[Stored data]

***

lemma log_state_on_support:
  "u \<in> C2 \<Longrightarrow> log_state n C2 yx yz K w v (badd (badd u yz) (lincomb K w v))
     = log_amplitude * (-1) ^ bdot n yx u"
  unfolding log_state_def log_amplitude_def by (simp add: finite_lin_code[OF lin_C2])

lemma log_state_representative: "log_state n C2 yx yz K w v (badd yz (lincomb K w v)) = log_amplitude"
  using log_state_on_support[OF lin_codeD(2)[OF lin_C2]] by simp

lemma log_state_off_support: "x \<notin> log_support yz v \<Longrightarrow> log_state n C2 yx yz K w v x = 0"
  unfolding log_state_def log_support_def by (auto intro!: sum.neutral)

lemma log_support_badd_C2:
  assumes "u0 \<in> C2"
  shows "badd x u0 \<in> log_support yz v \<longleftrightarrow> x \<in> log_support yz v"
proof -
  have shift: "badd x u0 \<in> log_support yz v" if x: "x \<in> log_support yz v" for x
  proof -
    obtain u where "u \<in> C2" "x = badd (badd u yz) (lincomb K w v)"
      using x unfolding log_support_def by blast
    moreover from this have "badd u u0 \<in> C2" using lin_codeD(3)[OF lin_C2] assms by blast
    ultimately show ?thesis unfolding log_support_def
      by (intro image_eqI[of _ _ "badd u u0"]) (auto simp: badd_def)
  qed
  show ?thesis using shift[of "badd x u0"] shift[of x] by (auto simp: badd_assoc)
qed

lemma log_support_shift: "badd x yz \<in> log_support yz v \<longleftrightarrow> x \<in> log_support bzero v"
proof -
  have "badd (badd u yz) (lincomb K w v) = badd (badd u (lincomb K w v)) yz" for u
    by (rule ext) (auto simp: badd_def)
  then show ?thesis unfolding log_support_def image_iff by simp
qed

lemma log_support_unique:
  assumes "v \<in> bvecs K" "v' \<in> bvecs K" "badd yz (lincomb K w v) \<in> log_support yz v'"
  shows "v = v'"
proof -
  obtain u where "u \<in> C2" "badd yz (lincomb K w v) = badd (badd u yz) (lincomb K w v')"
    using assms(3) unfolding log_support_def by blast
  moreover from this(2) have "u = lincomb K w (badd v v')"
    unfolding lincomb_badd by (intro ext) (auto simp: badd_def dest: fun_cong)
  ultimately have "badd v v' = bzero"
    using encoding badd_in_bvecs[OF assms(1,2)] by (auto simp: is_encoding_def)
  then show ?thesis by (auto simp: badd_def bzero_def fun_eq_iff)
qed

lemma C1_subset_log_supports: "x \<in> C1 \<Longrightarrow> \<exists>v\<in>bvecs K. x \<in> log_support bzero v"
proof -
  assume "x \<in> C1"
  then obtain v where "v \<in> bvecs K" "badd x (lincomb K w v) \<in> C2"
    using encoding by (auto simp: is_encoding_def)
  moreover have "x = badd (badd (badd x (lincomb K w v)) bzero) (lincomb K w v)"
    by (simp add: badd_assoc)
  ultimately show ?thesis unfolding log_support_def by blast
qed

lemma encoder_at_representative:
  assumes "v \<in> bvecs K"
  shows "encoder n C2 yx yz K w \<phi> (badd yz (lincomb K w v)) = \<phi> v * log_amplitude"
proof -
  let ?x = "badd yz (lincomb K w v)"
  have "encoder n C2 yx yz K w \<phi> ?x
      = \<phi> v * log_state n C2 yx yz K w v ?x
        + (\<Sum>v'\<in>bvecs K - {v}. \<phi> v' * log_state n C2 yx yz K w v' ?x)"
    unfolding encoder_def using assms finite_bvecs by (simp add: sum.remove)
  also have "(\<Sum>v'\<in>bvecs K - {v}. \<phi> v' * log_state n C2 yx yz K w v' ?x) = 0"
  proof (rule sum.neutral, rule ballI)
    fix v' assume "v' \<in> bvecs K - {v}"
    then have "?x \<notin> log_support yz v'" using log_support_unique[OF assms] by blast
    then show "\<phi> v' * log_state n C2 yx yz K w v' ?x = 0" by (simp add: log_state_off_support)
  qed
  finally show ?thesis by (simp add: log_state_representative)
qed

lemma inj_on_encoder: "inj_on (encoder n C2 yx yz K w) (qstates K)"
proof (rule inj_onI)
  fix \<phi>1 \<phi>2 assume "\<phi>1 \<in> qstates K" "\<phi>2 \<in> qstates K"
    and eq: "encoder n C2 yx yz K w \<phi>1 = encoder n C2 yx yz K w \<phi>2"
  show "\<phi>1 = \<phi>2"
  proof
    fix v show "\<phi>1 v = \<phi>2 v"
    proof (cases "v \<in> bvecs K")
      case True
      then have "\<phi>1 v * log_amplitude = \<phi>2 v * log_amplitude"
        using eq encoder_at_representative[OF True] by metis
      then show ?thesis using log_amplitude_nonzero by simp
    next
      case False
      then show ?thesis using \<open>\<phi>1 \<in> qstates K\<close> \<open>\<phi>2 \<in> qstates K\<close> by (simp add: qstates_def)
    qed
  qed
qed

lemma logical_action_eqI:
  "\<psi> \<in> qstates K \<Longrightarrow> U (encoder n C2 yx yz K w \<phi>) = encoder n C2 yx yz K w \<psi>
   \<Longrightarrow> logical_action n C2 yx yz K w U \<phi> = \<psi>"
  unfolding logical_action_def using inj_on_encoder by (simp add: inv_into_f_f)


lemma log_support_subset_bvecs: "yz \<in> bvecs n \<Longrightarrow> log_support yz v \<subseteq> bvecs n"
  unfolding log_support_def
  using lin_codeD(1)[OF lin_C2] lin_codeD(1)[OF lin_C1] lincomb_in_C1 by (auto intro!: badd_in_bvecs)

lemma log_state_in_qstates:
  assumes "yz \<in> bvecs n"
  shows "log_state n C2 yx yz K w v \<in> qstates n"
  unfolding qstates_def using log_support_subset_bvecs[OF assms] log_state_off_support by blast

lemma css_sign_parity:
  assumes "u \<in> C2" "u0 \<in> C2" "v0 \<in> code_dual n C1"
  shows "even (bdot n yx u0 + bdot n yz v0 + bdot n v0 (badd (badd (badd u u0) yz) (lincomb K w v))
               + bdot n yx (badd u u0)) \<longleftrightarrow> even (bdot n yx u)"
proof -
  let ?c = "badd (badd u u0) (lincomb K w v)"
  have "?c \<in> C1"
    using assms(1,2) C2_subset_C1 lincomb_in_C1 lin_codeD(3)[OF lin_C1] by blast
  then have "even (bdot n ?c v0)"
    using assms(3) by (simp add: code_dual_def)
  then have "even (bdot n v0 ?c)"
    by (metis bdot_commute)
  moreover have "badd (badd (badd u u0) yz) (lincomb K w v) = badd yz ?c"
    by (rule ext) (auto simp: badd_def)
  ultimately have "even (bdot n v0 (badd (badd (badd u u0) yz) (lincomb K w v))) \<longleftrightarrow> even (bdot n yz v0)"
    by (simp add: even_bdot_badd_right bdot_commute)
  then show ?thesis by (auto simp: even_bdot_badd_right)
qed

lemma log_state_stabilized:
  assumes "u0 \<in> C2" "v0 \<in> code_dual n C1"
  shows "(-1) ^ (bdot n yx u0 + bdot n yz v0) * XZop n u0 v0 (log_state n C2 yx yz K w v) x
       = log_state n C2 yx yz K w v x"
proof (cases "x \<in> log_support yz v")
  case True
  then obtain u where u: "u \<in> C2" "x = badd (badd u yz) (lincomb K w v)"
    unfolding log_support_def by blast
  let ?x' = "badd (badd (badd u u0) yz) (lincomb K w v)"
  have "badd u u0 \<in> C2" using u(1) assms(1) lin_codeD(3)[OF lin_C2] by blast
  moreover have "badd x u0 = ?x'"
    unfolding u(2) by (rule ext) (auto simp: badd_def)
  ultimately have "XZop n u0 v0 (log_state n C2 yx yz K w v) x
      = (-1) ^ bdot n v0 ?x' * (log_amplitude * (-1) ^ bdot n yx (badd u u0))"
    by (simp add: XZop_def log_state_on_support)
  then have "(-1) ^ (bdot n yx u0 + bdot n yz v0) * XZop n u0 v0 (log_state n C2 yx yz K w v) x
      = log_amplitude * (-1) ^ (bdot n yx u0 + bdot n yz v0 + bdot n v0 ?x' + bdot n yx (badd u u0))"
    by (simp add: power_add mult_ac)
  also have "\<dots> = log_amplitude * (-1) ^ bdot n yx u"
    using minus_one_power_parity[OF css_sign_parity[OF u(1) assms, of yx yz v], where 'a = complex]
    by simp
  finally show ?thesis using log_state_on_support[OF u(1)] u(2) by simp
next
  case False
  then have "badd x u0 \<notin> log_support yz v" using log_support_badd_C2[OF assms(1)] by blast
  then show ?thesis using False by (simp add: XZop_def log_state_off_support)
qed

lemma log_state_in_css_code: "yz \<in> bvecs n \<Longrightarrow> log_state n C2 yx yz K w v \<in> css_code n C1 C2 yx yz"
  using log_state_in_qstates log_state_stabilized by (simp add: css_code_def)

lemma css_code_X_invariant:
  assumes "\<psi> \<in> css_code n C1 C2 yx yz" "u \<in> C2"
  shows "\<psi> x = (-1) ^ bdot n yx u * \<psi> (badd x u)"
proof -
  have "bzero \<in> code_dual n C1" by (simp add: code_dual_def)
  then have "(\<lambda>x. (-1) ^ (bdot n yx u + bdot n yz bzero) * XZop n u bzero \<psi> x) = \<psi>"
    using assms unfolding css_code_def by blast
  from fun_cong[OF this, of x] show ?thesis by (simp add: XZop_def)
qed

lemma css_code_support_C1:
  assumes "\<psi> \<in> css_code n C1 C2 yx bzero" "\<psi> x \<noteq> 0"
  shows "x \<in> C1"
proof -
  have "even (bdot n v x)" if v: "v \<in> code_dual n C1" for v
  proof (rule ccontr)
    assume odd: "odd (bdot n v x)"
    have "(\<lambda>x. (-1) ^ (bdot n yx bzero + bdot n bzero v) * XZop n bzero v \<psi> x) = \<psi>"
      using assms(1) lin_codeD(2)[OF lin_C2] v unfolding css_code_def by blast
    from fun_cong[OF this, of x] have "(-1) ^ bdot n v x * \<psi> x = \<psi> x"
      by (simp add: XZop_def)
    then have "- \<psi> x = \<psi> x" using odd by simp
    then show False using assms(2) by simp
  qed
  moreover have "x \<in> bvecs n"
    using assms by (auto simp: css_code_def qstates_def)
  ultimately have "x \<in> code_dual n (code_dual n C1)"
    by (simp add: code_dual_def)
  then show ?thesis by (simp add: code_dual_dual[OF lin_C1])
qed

***

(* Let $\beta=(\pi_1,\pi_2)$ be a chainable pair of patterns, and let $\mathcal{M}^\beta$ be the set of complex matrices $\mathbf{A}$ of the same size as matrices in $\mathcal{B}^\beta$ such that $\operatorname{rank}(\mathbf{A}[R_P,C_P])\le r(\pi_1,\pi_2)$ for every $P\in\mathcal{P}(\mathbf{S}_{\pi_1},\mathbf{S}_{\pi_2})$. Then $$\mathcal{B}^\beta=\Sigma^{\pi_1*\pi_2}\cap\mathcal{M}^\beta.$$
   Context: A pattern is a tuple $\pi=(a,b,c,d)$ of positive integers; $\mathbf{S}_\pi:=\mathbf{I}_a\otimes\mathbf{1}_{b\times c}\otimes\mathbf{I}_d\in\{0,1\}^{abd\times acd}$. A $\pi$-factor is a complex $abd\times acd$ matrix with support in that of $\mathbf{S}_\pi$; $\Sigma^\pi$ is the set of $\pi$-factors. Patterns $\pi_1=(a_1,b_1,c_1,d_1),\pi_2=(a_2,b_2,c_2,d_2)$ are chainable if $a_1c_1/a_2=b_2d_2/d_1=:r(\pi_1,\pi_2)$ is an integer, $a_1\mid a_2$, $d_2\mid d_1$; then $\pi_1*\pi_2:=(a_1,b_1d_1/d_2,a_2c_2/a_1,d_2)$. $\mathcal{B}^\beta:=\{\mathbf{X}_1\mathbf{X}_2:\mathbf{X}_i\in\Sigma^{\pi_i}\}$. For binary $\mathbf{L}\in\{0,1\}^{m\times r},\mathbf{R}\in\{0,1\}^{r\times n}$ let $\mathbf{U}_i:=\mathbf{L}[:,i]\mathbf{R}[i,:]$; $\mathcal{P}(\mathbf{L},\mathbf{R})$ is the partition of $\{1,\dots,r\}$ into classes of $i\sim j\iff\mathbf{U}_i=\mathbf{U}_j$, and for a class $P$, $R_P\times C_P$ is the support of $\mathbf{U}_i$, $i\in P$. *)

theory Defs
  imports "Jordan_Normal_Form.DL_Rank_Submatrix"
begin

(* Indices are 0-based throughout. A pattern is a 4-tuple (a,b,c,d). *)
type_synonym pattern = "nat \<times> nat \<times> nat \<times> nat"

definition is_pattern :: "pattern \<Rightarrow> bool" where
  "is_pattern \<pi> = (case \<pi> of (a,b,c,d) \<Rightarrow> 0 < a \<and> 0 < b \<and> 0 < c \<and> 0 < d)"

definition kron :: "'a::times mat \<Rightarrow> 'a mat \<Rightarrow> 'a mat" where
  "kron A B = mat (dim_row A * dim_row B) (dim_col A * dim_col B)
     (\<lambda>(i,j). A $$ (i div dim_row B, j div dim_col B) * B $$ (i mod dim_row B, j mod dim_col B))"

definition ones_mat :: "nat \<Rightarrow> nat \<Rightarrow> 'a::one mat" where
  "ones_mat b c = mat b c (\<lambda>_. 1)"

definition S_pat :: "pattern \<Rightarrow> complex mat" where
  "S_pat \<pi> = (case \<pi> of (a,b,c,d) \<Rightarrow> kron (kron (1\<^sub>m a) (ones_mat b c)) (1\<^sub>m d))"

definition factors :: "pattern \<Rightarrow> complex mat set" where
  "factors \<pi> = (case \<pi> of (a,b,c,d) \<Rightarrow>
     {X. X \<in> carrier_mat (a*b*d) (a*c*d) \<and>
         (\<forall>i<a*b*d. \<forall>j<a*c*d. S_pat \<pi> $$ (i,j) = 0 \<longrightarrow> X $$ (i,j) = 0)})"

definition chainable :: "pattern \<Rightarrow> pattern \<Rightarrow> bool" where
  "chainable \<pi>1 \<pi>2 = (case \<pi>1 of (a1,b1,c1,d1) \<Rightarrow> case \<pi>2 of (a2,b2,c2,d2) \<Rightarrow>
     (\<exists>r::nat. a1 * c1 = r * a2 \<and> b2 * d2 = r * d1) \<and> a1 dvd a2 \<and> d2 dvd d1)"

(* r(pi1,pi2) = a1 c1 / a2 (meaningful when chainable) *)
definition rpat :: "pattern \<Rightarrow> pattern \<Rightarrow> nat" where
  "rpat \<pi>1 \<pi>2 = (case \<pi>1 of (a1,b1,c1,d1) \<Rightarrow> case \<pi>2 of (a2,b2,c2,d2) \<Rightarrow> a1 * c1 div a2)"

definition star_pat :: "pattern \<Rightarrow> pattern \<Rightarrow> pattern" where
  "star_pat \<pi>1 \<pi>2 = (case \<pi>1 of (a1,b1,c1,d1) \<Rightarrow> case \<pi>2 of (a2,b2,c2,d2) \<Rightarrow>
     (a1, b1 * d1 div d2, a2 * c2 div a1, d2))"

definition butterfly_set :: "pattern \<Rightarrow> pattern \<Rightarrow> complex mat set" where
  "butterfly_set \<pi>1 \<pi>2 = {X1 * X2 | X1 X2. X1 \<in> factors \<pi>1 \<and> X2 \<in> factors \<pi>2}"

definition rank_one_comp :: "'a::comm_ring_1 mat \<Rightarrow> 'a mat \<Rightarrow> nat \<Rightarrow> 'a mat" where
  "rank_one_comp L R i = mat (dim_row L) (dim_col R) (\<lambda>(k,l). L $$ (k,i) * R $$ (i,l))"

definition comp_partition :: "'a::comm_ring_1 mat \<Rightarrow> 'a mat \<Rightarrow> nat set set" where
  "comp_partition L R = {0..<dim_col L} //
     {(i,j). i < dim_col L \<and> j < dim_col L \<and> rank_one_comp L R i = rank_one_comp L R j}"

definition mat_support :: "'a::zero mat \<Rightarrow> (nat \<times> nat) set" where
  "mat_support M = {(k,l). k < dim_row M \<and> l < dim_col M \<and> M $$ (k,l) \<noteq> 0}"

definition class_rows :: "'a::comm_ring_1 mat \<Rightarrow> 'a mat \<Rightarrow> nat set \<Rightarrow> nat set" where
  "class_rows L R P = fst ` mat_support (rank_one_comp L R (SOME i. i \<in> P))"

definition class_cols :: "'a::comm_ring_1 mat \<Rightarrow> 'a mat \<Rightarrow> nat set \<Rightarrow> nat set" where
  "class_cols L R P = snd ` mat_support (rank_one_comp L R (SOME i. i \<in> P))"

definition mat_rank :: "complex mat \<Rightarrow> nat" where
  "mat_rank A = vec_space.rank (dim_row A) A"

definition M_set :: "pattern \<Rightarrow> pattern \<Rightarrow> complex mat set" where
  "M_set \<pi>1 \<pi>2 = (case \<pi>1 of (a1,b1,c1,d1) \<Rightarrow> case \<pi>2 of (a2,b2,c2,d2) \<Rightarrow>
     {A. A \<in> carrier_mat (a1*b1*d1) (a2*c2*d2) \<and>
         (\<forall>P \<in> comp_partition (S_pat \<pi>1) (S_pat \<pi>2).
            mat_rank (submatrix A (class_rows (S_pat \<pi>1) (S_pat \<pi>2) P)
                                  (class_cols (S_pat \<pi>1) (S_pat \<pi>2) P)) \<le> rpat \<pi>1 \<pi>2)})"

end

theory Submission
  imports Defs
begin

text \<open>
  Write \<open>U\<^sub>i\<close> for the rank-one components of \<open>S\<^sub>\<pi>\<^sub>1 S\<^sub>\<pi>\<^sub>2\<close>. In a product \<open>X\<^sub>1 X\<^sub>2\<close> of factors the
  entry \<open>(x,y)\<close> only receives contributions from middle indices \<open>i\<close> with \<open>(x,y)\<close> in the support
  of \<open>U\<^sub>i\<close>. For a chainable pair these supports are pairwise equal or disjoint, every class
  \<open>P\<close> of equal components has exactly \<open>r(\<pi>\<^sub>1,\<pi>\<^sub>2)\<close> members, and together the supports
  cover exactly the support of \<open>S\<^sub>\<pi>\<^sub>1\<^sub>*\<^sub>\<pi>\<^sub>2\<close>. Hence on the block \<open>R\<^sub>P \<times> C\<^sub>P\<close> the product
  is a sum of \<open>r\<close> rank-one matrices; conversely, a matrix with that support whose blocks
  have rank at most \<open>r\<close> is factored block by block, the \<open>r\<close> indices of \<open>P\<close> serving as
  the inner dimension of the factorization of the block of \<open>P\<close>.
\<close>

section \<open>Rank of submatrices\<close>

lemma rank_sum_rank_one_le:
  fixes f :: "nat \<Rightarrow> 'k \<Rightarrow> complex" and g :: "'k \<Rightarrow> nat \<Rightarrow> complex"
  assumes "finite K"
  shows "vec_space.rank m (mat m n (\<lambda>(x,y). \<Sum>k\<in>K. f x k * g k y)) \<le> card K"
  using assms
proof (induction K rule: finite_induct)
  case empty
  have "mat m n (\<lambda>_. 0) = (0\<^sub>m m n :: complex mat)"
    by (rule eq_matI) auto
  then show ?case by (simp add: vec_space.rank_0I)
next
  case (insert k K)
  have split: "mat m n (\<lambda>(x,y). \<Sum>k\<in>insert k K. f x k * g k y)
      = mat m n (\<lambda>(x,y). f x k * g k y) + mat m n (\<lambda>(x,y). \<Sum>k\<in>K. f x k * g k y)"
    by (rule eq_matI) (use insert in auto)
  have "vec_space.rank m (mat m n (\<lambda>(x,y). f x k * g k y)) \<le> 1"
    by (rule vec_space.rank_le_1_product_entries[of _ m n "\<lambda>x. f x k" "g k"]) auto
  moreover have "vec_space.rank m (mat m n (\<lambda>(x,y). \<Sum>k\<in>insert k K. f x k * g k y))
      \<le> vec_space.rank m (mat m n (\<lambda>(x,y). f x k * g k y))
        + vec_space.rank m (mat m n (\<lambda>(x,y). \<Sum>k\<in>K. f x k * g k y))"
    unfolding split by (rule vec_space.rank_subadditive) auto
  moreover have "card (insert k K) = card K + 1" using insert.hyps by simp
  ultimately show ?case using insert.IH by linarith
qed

***

* What you need to do *
For this task, write out exactly the lines of the entries above, starting at the line with "nat \<times> nat \<times>" and ending at the line with "(a,b,c,d) \<Rightarrow> 0", both included, and no others.

* Expected output *
type_synonym pattern = "nat \<times> nat \<times> nat \<times> nat"

definition is_pattern :: "pattern \<Rightarrow> bool" where
  "is_pattern \<pi> = (case \<pi> of (a,b,c,d) \<Rightarrow> 0 < a \<and> 0 < b \<and> 0 < c \<and> 0 < d)"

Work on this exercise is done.